2016 Team Member -Tom Elias
I felt almost airborne as I rounded the turn in Lane 7 and accelerated toward the finish of the 200-meter sprint at the Transplant Games on a humid, sultry Orlando evening a little more than two years after my kidney transplant. My lungs were clear, the other runners far behind, and I was exhilarated as I breathed deeply of the damp air.
At this moment I knew more fully than ever what my transplant had given me. Not a medal. When I finished, there were still two heats to go, and three men running in them had bested me in the 100 meters a few hours earlier. So I didn’t know if the strongest run I had made since high school would even put me among the leaders. But as I walked off the track and flopped on the infield grass to stretch my cramped hamstring muscles, I didn’t care much about that. I felt thrilled, yet it wasn’t the thrill of victory.

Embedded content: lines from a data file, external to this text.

lemma lf_contains_delta_F_paths_unless_odd_twin:
  fixes ls :: "nat list"
  assumes "2 \<le> length ls" "\<forall>l\<in>set ls. 2 \<le> l \<and> l \<noteq> 3"
    and not_twin: "\<not> (\<exists>l. odd l \<and> ls = [l, l])"
  shows "lf_contains [2 * delta_F ls + 1, delta_F ls + 1] ls"
proof -
  define I where "I = {..<length ls}"
  define s where "s = half_sum ((!) ls) I"
  define oc where "oc = odd_count ((!) ls) I"
  have wt: "\<And>i. i \<in> I \<Longrightarrow> 2 \<le> ls ! i \<and> ls ! i \<noteq> 3"
    using assms(2) by (simp add: I_def)
  have "\<not> (\<exists>a b. a \<noteq> b \<and> I = {a, b} \<and> ls ! a = ls ! b \<and> odd (ls ! a))"
  proof
    assume "\<exists>a b. a \<noteq> b \<and> I = {a, b} \<and> ls ! a = ls ! b \<and> odd (ls ! a)"
    then obtain a b where ab: "a \<noteq> b" "I = {a, b}" "ls ! a = ls ! b" "odd (ls ! a)" by blast
    then have "length ls = 2" using card_lessThan[of "length ls"] by (simp add: I_def)
    moreover have "a < 2" "b < 2" using ab(2) \<open>length ls = 2\<close> by (auto simp: I_def set_eq_iff)
    with ab have "ls ! 0 = ls ! a" "ls ! 1 = ls ! a" by (auto simp: less_2_cases_iff)
    ultimately have "ls = [ls ! a, ls ! a]" by (intro nth_equalityI) (auto simp: less_2_cases_iff)
    with ab(4) not_twin show False by blast
  qed
  then obtain S where S: "S \<subseteq> I" "oc < sum ((!) ls) S" "sum ((!) ls) S \<le> s"
    using balanced_subset_exists[of I "(!) ls", OF _ _ wt] assms(1) by (auto simp: I_def s_def oc_def)
  have "sum ((!) ls) I = sum ((!) ls) (I - S) + sum ((!) ls) S"
    using S(1) by (intro sum.subset_diff) (auto simp: I_def)
  moreover have "sum ((!) ls) I = 2 * s + oc"
    by (simp add: I_def s_def oc_def sum_eq_half_sum_odd_count)
  moreover have "delta_F ls = s - 1" by (simp add: delta_F_def s_def half_sum_def I_def)
  ultimately show ?thesis
    using lf_contains_two_paths[of "I - S" ls] S by (simp add: I_def double_diff)
qed
lemma continuous_on_Ifun:
  assumes "\<forall>j\<in>{0..d}. \<mu> j \<noteq> 0"
  shows "continuous_on (S_plus d \<mu>) (Ifun d \<mu>)"
  unfolding continuous_on_eq_continuous_within
proof
  fix z0 assume z0: "z0 \<in> S_plus d \<mu>"
  then obtain r where r: "r > 0" "cball z0 r \<inter> {z. Im z \<ge> 0} \<subseteq> S_plus d \<mu>"
    by (rule S_plus_neighbourhood)
  let ?N = "cball z0 r \<inter> {z. Im z \<ge> 0}"
  have "compact ?N" by (intro compact_Int_closed compact_cball closed_halfspace_Im_ge)
  then have "continuous_on ?N (Ifun d \<mu>)"
    using continuous_on_subset[OF continuous_on_ray_integral]
    by (intro uniform_limit_theorem[OF _ uniform_limit_ray_integral[OF assms _ r(2)]]
          always_eventually allI) auto
  moreover have "z0 \<in> ?N" using r z0 by (auto simp: S_plus_def)
  ultimately have "continuous (at z0 within ?N) (Ifun d \<mu>)"
    by (simp add: continuous_on_eq_continuous_within)
  then have "continuous (at z0 within (S_plus d \<mu> \<inter> ball z0 r)) (Ifun d \<mu>)"
    by (rule continuous_within_subset) (auto simp: S_plus_def)
  moreover have "at z0 within S_plus d \<mu> = at z0 within (S_plus d \<mu> \<inter> ball z0 r)"
    using r by (intro at_within_nhd[of _ "ball z0 r"]) auto
  ultimately show "continuous (at z0 within S_plus d \<mu>) (Ifun d \<mu>)" by (simp add: continuous_within)
qed
(* Let $A$ be a wqo with $\mathbf{w}(A)=\alpha+n$ where $\alpha$ is an ordinal and $0\le n<\omega$. Then there exists a wqo $B$ with $\mathbf{w}(B)=\alpha$ such that $B\sqcup\Gamma_n$ is isomorphic to a substructure of $A$.
   Context: A wqo is a quasi-order in which every infinite sequence $x_0,x_1,\dots$ has $i<j$ with $x_i\le x_j$. $\mathbf{w}(A)$ (width) is the rank of the root of the well-founded tree of finite sequences of pairwise incomparable elements of $A$ (root: empty sequence, children: one-element extensions; rank $r(s)=\sup\{r(t)+1: t \text{ child of } s\}$). $\Gamma_n$ is an $n$-element antichain. $B\sqcup C$ is the disjoint union with ordering $\le_B\cup\le_C$. A substructure of $A$ is a subset of $A$ with the restricted ordering. *)

theory Defs
  imports Main
begin

definition qo_on :: "'a set \<Rightarrow> ('a \<Rightarrow> 'a \<Rightarrow> bool) \<Rightarrow> bool" where
  "qo_on A le \<longleftrightarrow> (\<forall>x\<in>A. le x x) \<and>
     (\<forall>x\<in>A. \<forall>y\<in>A. \<forall>z\<in>A. le x y \<longrightarrow> le y z \<longrightarrow> le x z)"

definition wqo_on :: "'a set \<Rightarrow> ('a \<Rightarrow> 'a \<Rightarrow> bool) \<Rightarrow> bool" where
  "wqo_on A le \<longleftrightarrow> qo_on A le \<and>
     (\<forall>g :: nat \<Rightarrow> 'a. (\<forall>i. g i \<in> A) \<longrightarrow> (\<exists>i j. i < j \<and> le (g i) (g j)))"

text \<open>Ordinals are represented, as in Main (BNF_Wellorder_Relation), by well-order
  relations up to isomorphism; the ordinal of W is its order type.

  Rank of a node s in a tree given by a child relation ch (ch t s: t is a child of s):
  rank(s) \<le> otype W iff the strict descendants of s admit a labelling into Field W that
  strictly decreases from each node to its children.\<close>

definition rank_le :: "('n \<Rightarrow> 'n \<Rightarrow> bool) \<Rightarrow> 'n \<Rightarrow> 'b rel \<Rightarrow> bool" where
  "rank_le ch s W \<longleftrightarrow> (\<exists>f. (\<forall>t. ch\<^sup>+\<^sup>+ t s \<longrightarrow> f t \<in> Field W) \<and>
      (\<forall>t u. ch\<^sup>+\<^sup>+ u s \<longrightarrow> ch t u \<longrightarrow> (f t, f u) \<in> W \<and> f t \<noteq> f u))"

text \<open>rank(s) = otype W: rank(s) \<le> otype W but not \<le> any smaller ordinal (proper initial segment).\<close>

definition rank_is :: "('n \<Rightarrow> 'n \<Rightarrow> bool) \<Rightarrow> 'n \<Rightarrow> 'b rel \<Rightarrow> bool" where
  "rank_is ch s W \<longleftrightarrow> Well_order W \<and> rank_le ch s W \<and>
     (\<forall>a\<in>Field W. \<not> rank_le ch s (Restr W (underS W a)))"

definition antichain_seq :: "'a set \<Rightarrow> ('a \<Rightarrow> 'a \<Rightarrow> bool) \<Rightarrow> 'a list \<Rightarrow> bool" where
  "antichain_seq A le xs \<longleftrightarrow> set xs \<subseteq> A \<and>
     (\<forall>i<length xs. \<forall>j<length xs. i \<noteq> j \<longrightarrow> \<not> le (xs ! i) (xs ! j))"

definition antichain_child :: "'a set \<Rightarrow> ('a \<Rightarrow> 'a \<Rightarrow> bool) \<Rightarrow> 'a list \<Rightarrow> 'a list \<Rightarrow> bool" where
  "antichain_child A le t s \<longleftrightarrow> antichain_seq A le s \<and> antichain_seq A le t \<and>
     (\<exists>x. t = s @ [x])"

definition width_is :: "'a set \<Rightarrow> ('a \<Rightarrow> 'a \<Rightarrow> bool) \<Rightarrow> 'b rel \<Rightarrow> bool" where
  "width_is A le W \<longleftrightarrow> rank_is (antichain_child A le) [] W"

definition ord_plus_nat :: "'b rel \<Rightarrow> nat \<Rightarrow> ('b + nat) rel" where
  "ord_plus_nat W n =
     {(Inl a, Inl b) | a b. (a, b) \<in> W} \<union>
     {(Inl a, Inr i) | a i. a \<in> Field W \<and> i < n} \<union>
     {(Inr i, Inr j) | i j. i \<le> j \<and> j < n}"

definition dunion_carrier :: "'a set \<Rightarrow> nat \<Rightarrow> ('a + nat) set" where
  "dunion_carrier B n = Inl ` B \<union> Inr ` {..<n}"

fun dunion_le :: "('a \<Rightarrow> 'a \<Rightarrow> bool) \<Rightarrow> ('a + nat) \<Rightarrow> ('a + nat) \<Rightarrow> bool" where
  "dunion_le le (Inl x) (Inl y) = le x y"
| "dunion_le le (Inr i) (Inr j) = (i = j)"
| "dunion_le le _ _ = False"

end

theory Submission
  imports Defs
begin

text \<open>If a node of the antichain tree has rank W + (m + 1), then some child has rank W + m:
  every child has rank at most W + m, and if all of them had smaller rank, their rank labellings
  could be glued into one showing that the node itself has rank at most W + m. Descending n times
  from the root therefore yields an antichain s = [s_0, ..., s_(n-1)] of rank W.
  The subtree below s is the antichain tree of the set B of elements incomparable with every
  s_i, so w(B) = W, and B together with the s_i is a copy of B \<squnion> \<Gamma>_n inside A.\<close>

lemma antichain_seq_append:
  "antichain_seq A le (xs @ ys) \<longleftrightarrow> antichain_seq A le xs \<and> antichain_seq A le ys \<and>
     (\<forall>x\<in>set xs. \<forall>y\<in>set ys. \<not> le x y \<and> \<not> le y x)"
  (is "?lhs \<longleftrightarrow> ?rhs")
proof
  let ?m = "length xs"
  assume ?lhs
  then have set: "set xs \<subseteq> A" "set ys \<subseteq> A"
    and nle: "\<And>i j. i < length (xs @ ys) \<Longrightarrow> j < length (xs @ ys) \<Longrightarrow> i \<noteq> j \<Longrightarrow>
                 \<not> le ((xs @ ys) ! i) ((xs @ ys) ! j)"
    unfolding antichain_seq_def by auto
  have "\<not> le (xs ! i) (xs ! j)" if "i < ?m" "j < ?m" "i \<noteq> j" for i j
    using nle[of i j] that by (simp add: nth_append)
  moreover have "\<not> le (ys ! i) (ys ! j)" if "i < length ys" "j < length ys" "i \<noteq> j" for i j
    using nle[of "?m + i" "?m + j"] that by (simp add: nth_append)
  moreover have "\<not> le (xs ! i) (ys ! j) \<and> \<not> le (ys ! j) (xs ! i)"
    if "i < ?m" "j < length ys" for i j
    using nle[of i "?m + j"] nle[of "?m + j" i] that by (simp add: nth_append)
  ultimately show ?rhs
    using set unfolding antichain_seq_def by (auto simp: in_set_conv_nth)
next
  assume ?rhs
  then show ?lhs
    unfolding antichain_seq_def
    by (auto simp: nth_append)
qed

definition incomparable_with :: "('a \<Rightarrow> 'a \<Rightarrow> bool) \<Rightarrow> 'a list \<Rightarrow> 'a set \<Rightarrow> 'a set" where
  "incomparable_with le s A = {y \<in> A. \<forall>x\<in>set s. \<not> le x y \<and> \<not> le y x}"

lemma incomparable_with_subset: "incomparable_with le s A \<subseteq> A"
  unfolding incomparable_with_def by blast

lemma antichain_seq_append_iff_incomparable_with:
  assumes "antichain_seq A le s"
  shows "antichain_seq A le (s @ r) \<longleftrightarrow> antichain_seq (incomparable_with le s A) le r"
  using assms unfolding antichain_seq_append
  by (auto simp: antichain_seq_def incomparable_with_def)

lemma wqo_on_subset:
  assumes "wqo_on A le" and "B \<subseteq> A"
  shows "wqo_on B le"
  using assms unfolding wqo_on_def qo_on_def by (meson subsetD)

definition rank_labelling :: "('n \<Rightarrow> 'n \<Rightarrow> bool) \<Rightarrow> 'n \<Rightarrow> 'b rel \<Rightarrow> ('n \<Rightarrow> 'b) \<Rightarrow> bool" where
  "rank_labelling ch s W f \<longleftrightarrow> (\<forall>t. ch\<^sup>+\<^sup>+ t s \<longrightarrow> f t \<in> Field W) \<and>
      (\<forall>t u. ch\<^sup>+\<^sup>+ u s \<longrightarrow> ch t u \<longrightarrow> (f t, f u) \<in> W \<and> f t \<noteq> f u)"

lemma rank_le_iff_labelling: "rank_le ch s W \<longleftrightarrow> (\<exists>f. rank_labelling ch s W f)"
  unfolding rank_le_def rank_labelling_def ..

lemma rank_le_map:
  assumes "rank_le ch s V" and "inj_on h (Field V)" and "\<And>x y. (x, y) \<in> V \<Longrightarrow> (h x, h y) \<in> V'"
  shows "rank_le ch s V'"
proof -
  obtain f where f: "rank_labelling ch s V f"
    using assms(1) unfolding rank_le_iff_labelling by blast
  have "h x \<in> Field V'" if "x \<in> Field V" for x
    using that assms(3) unfolding Field_def by blast
  moreover have "h x \<noteq> h y" if "x \<in> Field V" "y \<in> Field V" "x \<noteq> y" for x y
    using that assms(2) by (meson inj_onD)
  ultimately have "rank_labelling ch s V' (h \<circ> f)"
    using f assms(3) unfolding rank_labelling_def by (simp add: tranclp_into_tranclp2)
  then show ?thesis
    unfolding rank_le_iff_labelling by blast
qed

lemma rank_le_mono: "rank_le ch s V \<Longrightarrow> V \<subseteq> V' \<Longrightarrow> rank_le ch s V'"
  using rank_le_map[of ch s V id V'] by auto

lemma rank_le_pullback:
  assumes "rank_le ch s V" and "\<phi> s' = s"
    and hom: "\<And>t u. ch'\<^sup>*\<^sup>* u s' \<Longrightarrow> ch' t u \<Longrightarrow> ch (\<phi> t) (\<phi> u)"
  shows "rank_le ch' s' V"
proof -
  obtain f where f: "rank_labelling ch s V f"
    using assms(1) unfolding rank_le_iff_labelling by blast
  have desc: "ch\<^sup>+\<^sup>+ (\<phi> t) s" if "ch'\<^sup>+\<^sup>+ t s'" for t
    using that
  proof (induction t rule: converse_tranclp_induct)
    case (base t)
    then show ?case using hom assms(2) by fastforce
  next
    case (step t u)
    then show ?case using hom by (meson tranclp_into_rtranclp tranclp_into_tranclp2)
  qed
  have "rank_labelling ch' s' V (f \<circ> \<phi>)"
    using f desc hom unfolding rank_labelling_def by (simp add: tranclp_into_rtranclp)
  then show ?thesis
    unfolding rank_le_iff_labelling by blast
qed

lemma rank_labelling_descendant_below:
  assumes "rank_labelling ch s V f" and "trans V" and "antisym V"
    and "ch\<^sup>+\<^sup>+ c s" and "ch\<^sup>+\<^sup>+ t c"
  shows "(f t, f c) \<in> V - Id"
  using assms(5)
proof (induction t rule: converse_tranclp_induct)
  case (base t)
  then show ?case using assms(1,4) unfolding rank_labelling_def by auto
next
  case (step t u)
  have "ch\<^sup>+\<^sup>+ u s"
    using step(2) assms(4) by (rule tranclp_trans)
  then have "(f t, f u) \<in> V - Id"
    using assms(1) step(1) unfolding rank_labelling_def by blast
  then show ?case
    using step.IH trans_diff_Id[OF assms(2,3)] by (meson transD)
qed

lemma rank_labelling_descendant:
  assumes "rank_labelling ch s V f" and "Well_order V" and "ch\<^sup>+\<^sup>+ c s"
  shows "f c \<in> Field V" and "rank_labelling ch c (Restr V (underS V (f c))) f"
proof -
  have "refl_on (Field V) V" "trans V" "antisym V"
    using assms(2) by (simp_all add: order_on_defs)
  have desc: "ch\<^sup>+\<^sup>+ t s" if "ch\<^sup>+\<^sup>+ t c" for t
    using that assms(3) by (rule tranclp_trans)
  have under: "f t \<in> underS V (f c)" if "ch\<^sup>+\<^sup>+ t c" for t
    using rank_labelling_descendant_below[OF assms(1) \<open>trans V\<close> \<open>antisym V\<close> assms(3) that]
    unfolding underS_def by auto
  have "f t \<in> Field (Restr V (underS V (f c)))" if "ch\<^sup>+\<^sup>+ t c" for t
  proof -
    have "f t \<in> Field V"
      using assms(1) desc[OF that] unfolding rank_labelling_def by blast
    then have "(f t, f t) \<in> Restr V (underS V (f c))"
      using \<open>refl_on (Field V) V\<close> under[OF that] by (simp add: refl_on_def)
    then show ?thesis by (rule FieldI1)
  qed
  moreover have "(f t, f u) \<in> Restr V (underS V (f c)) \<and> f t \<noteq> f u"
    if "ch\<^sup>+\<^sup>+ u c" and "ch t u" for t u
    using assms(1) desc[OF that(1)] that under tranclp_into_tranclp2[OF that(2,1)]
    unfolding rank_labelling_def by blast
  ultimately show "rank_labelling ch c (Restr V (underS V (f c))) f"
    unfolding rank_labelling_def by blast
  show "f c \<in> Field V"
    using assms(1,3) unfolding rank_labelling_def by blast
qed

This was the thrill of renewed life, of feeling well and understanding everything that led to this moment. It was a sense of utter certainty that this transplant would last. If I could run like that, there was no way my new kidney could ever fail.
It was a feeling I could never have experienced without the Games. And it was something I could share with my donor, who ran to me afterward breathlessly asking "Did we win?"
The answer was "yes, we did." But our victory came from just being there, demonstrating to us and all the world the power of a transplant to let me do something I previously could only dream about.